→ Material supplied

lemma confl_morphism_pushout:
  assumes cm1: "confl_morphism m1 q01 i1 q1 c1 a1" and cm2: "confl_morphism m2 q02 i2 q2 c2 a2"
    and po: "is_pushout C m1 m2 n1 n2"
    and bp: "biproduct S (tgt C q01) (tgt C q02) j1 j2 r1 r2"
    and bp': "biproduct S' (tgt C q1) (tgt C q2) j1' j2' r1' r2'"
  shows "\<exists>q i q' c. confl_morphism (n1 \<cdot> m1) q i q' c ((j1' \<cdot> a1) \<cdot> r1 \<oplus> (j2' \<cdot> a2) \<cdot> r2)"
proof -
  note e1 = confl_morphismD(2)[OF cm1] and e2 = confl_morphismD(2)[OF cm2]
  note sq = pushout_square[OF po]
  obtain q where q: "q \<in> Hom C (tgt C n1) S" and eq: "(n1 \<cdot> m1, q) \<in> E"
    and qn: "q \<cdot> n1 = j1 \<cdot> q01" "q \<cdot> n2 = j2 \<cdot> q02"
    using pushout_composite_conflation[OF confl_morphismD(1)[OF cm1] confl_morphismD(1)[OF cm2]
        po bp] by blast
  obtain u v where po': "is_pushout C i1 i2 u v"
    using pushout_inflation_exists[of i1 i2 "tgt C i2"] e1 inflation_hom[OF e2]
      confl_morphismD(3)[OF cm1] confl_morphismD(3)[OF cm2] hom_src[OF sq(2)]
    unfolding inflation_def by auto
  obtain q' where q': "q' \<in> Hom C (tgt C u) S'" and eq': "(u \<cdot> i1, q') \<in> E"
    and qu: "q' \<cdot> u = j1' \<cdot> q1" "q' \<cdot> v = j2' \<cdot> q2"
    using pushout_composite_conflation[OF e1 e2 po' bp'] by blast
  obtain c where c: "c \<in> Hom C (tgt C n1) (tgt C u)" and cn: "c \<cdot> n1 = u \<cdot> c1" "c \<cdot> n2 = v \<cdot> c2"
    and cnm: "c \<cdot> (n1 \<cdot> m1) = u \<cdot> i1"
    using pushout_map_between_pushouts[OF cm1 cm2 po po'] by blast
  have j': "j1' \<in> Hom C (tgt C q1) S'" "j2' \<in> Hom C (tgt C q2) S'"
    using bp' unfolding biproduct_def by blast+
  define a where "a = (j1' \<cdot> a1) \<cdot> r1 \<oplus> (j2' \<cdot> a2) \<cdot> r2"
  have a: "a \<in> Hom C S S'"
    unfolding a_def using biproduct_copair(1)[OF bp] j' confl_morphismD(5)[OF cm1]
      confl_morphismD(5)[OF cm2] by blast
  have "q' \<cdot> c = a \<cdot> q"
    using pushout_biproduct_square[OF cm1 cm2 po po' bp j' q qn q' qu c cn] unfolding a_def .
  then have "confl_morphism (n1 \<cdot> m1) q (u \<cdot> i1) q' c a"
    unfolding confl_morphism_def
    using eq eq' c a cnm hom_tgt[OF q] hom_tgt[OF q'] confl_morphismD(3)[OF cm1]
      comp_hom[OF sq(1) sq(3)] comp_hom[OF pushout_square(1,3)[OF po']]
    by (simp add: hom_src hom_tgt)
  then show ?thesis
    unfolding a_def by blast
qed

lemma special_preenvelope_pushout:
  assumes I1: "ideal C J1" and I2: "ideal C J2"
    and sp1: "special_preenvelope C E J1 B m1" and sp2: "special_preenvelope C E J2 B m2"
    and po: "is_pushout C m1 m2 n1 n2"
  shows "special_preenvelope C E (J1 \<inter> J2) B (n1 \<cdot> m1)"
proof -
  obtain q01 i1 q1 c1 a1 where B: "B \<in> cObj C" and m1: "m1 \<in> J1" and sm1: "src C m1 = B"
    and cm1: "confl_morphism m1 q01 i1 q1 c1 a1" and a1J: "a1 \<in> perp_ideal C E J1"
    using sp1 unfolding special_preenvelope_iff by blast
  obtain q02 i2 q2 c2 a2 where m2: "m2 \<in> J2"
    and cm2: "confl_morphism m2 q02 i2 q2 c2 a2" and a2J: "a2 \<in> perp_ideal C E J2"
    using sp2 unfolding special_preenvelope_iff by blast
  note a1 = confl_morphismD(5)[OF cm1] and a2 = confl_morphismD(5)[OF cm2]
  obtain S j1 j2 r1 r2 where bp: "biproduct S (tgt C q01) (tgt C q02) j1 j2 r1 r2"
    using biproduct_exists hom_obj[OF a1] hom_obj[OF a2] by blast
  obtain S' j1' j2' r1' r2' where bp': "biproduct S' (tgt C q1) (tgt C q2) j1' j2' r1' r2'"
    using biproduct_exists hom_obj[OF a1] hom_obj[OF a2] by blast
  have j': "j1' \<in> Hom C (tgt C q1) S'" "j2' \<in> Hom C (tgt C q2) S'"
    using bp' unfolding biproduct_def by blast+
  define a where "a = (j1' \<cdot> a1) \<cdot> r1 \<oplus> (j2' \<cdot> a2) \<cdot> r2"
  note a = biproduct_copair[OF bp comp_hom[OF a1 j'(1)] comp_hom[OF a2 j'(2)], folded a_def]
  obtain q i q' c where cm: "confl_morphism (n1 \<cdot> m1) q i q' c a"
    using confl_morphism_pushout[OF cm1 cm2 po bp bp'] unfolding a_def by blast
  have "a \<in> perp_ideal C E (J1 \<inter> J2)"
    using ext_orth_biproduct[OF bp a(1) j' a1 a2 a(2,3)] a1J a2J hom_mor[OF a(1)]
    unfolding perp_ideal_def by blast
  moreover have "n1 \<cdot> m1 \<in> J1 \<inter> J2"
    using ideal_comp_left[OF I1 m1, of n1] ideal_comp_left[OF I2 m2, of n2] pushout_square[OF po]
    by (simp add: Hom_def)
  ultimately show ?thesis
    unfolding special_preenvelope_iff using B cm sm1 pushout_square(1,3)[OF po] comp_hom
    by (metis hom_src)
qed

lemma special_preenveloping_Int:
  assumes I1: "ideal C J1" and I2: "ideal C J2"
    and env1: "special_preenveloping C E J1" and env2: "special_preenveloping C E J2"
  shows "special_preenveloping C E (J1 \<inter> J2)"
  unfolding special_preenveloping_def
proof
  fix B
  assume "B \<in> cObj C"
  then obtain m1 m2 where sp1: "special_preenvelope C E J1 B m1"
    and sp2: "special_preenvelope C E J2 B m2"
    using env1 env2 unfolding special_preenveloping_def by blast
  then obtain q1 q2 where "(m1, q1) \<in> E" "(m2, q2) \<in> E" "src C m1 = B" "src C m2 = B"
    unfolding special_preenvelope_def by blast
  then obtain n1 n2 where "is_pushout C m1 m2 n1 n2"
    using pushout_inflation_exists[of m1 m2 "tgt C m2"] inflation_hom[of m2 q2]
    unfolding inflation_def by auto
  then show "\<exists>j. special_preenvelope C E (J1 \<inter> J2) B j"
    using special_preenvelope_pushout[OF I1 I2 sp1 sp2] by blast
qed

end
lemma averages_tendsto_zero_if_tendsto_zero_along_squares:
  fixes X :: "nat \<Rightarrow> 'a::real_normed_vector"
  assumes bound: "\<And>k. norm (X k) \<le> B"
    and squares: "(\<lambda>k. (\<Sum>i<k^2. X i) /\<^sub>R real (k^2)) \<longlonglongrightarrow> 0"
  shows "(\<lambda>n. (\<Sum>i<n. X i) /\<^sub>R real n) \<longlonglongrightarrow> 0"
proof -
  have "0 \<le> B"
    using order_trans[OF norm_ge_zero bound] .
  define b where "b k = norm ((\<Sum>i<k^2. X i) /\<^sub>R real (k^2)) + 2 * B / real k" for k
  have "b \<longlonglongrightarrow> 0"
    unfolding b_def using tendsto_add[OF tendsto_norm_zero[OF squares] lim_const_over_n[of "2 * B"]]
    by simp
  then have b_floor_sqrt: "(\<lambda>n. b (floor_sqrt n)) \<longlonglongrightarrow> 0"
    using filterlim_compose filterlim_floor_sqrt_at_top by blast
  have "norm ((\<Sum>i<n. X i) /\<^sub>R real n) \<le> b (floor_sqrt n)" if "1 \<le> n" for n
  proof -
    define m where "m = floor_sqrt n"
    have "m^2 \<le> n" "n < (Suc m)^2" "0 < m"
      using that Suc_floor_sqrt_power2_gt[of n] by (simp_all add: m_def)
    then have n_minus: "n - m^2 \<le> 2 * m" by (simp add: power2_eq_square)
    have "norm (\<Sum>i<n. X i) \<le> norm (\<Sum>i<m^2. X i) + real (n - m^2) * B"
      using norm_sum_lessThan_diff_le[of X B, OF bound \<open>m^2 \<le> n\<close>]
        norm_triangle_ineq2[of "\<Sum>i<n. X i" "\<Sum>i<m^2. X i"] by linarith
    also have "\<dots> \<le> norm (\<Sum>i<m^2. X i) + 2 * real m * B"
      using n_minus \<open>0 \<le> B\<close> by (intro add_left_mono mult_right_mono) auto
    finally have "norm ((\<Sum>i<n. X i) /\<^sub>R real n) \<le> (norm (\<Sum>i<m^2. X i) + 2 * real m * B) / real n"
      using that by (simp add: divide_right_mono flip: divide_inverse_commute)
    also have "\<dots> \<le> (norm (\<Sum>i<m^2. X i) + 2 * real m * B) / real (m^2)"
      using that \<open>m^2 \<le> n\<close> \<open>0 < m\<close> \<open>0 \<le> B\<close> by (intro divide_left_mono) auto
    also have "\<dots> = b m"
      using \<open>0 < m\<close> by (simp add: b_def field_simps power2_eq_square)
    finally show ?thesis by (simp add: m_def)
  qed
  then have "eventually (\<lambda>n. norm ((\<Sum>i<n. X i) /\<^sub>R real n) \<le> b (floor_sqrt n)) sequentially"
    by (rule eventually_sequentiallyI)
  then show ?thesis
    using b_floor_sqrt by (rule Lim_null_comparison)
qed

---

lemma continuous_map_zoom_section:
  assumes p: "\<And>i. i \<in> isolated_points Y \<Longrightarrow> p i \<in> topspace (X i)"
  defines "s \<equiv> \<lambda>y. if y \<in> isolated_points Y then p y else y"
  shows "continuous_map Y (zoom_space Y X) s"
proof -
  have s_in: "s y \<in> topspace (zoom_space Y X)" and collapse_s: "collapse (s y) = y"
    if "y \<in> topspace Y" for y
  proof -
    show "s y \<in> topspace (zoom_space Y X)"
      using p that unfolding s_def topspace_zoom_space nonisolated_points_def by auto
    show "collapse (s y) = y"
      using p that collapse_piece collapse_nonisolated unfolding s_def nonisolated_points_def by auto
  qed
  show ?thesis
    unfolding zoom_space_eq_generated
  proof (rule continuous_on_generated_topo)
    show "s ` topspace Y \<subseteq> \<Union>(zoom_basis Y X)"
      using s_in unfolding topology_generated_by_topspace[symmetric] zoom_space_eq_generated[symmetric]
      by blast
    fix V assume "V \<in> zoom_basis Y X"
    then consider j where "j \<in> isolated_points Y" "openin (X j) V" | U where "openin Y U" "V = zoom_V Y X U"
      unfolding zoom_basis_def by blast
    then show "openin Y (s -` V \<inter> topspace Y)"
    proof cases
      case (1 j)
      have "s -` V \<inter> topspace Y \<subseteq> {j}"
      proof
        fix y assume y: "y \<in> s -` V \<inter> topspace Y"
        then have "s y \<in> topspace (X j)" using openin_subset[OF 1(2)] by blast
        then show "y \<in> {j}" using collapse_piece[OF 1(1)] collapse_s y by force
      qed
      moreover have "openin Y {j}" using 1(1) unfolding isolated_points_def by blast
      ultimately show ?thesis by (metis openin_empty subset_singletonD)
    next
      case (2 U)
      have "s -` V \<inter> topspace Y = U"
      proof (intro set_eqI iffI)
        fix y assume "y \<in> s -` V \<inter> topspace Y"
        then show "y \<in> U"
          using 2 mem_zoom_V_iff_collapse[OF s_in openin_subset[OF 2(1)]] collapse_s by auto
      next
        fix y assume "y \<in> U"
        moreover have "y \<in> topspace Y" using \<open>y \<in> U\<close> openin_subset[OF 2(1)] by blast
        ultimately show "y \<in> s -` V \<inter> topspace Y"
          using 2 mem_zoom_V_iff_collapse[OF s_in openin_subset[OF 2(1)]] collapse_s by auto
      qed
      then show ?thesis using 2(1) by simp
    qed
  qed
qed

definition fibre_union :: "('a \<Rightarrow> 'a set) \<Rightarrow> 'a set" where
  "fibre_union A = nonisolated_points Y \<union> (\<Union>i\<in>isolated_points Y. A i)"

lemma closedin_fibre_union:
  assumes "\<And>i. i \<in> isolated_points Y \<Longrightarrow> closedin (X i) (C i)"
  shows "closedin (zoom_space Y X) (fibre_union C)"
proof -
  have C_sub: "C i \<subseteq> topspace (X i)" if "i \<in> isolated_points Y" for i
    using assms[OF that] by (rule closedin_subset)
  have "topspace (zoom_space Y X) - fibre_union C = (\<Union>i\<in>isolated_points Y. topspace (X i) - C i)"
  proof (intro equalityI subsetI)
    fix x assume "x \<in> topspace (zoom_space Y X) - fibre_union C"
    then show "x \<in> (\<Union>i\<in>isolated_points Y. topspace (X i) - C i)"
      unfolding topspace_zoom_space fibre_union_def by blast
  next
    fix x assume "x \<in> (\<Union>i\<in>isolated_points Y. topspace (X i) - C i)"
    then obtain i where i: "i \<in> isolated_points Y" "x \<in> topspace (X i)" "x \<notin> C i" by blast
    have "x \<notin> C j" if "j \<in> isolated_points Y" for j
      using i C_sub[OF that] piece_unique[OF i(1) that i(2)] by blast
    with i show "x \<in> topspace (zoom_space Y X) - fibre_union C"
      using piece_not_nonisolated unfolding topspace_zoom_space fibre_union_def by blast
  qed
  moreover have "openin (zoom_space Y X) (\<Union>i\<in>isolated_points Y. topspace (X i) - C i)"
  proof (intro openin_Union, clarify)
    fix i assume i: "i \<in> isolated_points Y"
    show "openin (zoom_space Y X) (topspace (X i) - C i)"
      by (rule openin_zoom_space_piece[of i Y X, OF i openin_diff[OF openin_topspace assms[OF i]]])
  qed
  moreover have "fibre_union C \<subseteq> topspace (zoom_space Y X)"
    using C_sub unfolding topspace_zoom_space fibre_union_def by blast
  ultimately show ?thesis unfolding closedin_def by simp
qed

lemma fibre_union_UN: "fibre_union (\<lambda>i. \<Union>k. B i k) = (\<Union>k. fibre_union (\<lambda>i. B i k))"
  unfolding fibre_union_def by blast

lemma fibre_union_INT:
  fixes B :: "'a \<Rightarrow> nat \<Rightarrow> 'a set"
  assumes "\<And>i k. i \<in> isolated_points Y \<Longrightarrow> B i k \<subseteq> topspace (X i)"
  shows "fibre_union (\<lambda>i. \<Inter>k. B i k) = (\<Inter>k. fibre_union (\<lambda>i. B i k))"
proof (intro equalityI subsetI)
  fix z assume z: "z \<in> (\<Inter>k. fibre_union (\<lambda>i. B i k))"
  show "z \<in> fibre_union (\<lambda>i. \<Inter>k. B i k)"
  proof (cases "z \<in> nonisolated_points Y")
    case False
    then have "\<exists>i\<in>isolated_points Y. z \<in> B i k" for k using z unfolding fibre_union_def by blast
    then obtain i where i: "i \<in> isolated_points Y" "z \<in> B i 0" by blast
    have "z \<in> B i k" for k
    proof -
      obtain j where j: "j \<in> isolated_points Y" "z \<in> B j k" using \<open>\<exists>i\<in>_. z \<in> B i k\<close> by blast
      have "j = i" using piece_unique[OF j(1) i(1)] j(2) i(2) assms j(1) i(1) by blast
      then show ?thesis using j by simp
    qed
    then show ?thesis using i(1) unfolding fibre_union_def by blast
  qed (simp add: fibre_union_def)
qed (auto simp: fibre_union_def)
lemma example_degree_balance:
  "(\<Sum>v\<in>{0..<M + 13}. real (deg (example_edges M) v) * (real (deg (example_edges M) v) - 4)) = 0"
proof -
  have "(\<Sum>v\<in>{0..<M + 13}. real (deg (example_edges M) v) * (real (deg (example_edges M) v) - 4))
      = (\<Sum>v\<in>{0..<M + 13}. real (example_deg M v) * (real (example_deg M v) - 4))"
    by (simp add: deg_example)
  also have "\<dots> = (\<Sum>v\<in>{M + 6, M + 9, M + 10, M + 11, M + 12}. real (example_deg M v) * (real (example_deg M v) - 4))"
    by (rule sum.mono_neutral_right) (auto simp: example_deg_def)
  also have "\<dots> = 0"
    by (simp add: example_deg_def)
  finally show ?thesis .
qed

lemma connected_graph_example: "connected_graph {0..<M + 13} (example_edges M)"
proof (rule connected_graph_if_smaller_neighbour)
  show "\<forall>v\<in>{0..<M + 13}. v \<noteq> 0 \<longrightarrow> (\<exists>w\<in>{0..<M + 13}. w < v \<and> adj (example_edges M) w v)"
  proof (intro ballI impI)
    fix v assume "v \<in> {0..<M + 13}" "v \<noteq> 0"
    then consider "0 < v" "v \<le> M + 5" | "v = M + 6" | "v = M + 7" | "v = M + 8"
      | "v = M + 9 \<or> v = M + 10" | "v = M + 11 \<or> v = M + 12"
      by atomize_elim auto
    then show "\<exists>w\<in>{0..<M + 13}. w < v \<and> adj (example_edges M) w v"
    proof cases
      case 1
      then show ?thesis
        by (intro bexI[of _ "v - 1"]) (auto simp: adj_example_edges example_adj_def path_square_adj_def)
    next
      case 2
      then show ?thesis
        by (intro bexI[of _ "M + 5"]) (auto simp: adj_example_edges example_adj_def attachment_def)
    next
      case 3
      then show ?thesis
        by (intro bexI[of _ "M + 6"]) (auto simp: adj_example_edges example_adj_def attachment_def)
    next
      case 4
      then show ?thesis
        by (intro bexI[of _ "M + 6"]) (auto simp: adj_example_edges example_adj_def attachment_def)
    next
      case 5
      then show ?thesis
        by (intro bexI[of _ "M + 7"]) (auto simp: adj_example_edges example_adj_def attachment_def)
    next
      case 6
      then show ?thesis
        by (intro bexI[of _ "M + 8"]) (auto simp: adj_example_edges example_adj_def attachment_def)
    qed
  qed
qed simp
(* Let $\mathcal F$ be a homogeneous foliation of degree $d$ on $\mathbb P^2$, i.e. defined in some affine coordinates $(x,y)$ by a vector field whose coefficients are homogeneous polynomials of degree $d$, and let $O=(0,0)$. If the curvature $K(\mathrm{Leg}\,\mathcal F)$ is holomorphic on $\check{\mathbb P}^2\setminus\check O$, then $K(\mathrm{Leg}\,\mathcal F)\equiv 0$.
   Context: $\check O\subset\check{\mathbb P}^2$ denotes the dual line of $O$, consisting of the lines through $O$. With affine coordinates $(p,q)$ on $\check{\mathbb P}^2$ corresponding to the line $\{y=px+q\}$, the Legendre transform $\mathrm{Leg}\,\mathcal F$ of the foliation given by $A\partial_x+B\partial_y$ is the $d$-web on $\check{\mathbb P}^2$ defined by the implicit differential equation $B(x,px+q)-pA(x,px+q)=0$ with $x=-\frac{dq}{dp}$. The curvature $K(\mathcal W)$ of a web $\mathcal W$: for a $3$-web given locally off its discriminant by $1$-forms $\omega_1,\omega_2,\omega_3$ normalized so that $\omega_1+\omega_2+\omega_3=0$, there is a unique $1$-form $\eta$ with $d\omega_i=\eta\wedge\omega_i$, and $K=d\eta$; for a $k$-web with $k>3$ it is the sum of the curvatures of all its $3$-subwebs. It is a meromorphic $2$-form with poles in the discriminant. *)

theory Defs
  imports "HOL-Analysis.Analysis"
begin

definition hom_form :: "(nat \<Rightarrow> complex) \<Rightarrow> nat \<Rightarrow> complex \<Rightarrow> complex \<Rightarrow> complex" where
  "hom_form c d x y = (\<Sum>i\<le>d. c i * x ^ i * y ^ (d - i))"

...

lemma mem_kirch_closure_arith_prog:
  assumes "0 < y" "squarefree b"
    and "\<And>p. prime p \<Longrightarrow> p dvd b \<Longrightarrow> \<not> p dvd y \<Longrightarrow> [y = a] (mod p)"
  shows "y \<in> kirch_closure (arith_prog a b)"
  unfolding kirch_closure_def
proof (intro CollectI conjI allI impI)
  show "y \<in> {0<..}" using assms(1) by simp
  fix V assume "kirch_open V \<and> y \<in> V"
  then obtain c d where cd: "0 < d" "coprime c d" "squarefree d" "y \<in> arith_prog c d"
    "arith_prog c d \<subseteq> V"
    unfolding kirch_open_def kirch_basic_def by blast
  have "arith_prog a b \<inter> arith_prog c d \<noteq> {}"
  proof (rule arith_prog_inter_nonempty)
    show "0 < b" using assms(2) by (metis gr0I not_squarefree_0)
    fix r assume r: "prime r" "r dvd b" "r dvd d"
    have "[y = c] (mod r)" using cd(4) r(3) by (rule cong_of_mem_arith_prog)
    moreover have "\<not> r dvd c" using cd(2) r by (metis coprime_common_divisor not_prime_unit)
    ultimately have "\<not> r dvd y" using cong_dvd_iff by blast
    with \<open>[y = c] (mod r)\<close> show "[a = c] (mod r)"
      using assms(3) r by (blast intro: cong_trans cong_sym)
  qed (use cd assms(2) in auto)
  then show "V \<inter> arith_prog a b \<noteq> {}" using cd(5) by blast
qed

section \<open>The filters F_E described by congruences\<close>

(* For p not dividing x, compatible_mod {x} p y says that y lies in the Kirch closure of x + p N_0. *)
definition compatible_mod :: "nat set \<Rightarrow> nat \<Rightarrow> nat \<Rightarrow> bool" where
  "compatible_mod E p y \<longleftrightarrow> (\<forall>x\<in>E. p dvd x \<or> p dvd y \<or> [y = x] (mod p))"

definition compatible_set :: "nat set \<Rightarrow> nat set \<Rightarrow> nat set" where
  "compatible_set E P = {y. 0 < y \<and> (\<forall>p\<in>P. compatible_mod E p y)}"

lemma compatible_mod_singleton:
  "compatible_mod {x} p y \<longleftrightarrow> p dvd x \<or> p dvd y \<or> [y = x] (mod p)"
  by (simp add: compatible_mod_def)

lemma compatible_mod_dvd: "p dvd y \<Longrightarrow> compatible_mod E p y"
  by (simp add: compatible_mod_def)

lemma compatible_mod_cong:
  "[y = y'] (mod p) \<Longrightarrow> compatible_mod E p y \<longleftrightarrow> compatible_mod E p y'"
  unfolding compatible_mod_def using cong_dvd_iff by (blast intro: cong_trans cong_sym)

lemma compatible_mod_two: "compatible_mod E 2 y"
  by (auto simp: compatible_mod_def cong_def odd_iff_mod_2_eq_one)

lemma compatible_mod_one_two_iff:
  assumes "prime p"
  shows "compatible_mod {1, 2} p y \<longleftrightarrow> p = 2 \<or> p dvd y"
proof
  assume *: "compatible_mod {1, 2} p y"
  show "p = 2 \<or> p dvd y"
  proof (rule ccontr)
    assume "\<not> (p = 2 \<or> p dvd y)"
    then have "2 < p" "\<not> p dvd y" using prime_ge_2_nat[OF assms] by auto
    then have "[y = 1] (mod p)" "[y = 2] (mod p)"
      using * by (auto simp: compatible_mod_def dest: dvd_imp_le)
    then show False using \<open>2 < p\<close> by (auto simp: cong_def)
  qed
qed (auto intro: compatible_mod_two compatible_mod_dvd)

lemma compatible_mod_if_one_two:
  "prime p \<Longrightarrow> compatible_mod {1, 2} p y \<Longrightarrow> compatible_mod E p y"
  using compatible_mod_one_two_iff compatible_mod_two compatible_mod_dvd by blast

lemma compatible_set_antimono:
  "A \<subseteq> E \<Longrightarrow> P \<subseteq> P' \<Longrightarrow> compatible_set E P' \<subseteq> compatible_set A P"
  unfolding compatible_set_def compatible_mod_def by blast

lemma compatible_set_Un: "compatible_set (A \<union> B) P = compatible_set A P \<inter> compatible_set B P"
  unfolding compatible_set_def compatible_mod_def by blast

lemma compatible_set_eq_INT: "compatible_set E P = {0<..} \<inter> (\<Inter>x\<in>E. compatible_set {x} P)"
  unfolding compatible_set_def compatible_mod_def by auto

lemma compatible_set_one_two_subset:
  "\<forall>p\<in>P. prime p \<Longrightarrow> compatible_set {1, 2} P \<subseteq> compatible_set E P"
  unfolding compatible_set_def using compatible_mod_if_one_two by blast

→ Directions
Would you please return all lines from the listing above that contain "also"?

→ Solution to the exercise
    also have "\<dots> \<le> norm (\<Sum>i<m^2. X i) + 2 * real m * B"
    also have "\<dots> \<le> (norm (\<Sum>i<m^2. X i) + 2 * real m * B) / real (m^2)"
    also have "\<dots> = b m"
  also have "\<dots> = (\<Sum>v\<in>{M + 6, M + 9, M + 10, M + 11, M + 12}. real (example_deg M v) * (real (example_deg M v) - 4))"
  also have "\<dots> = 0"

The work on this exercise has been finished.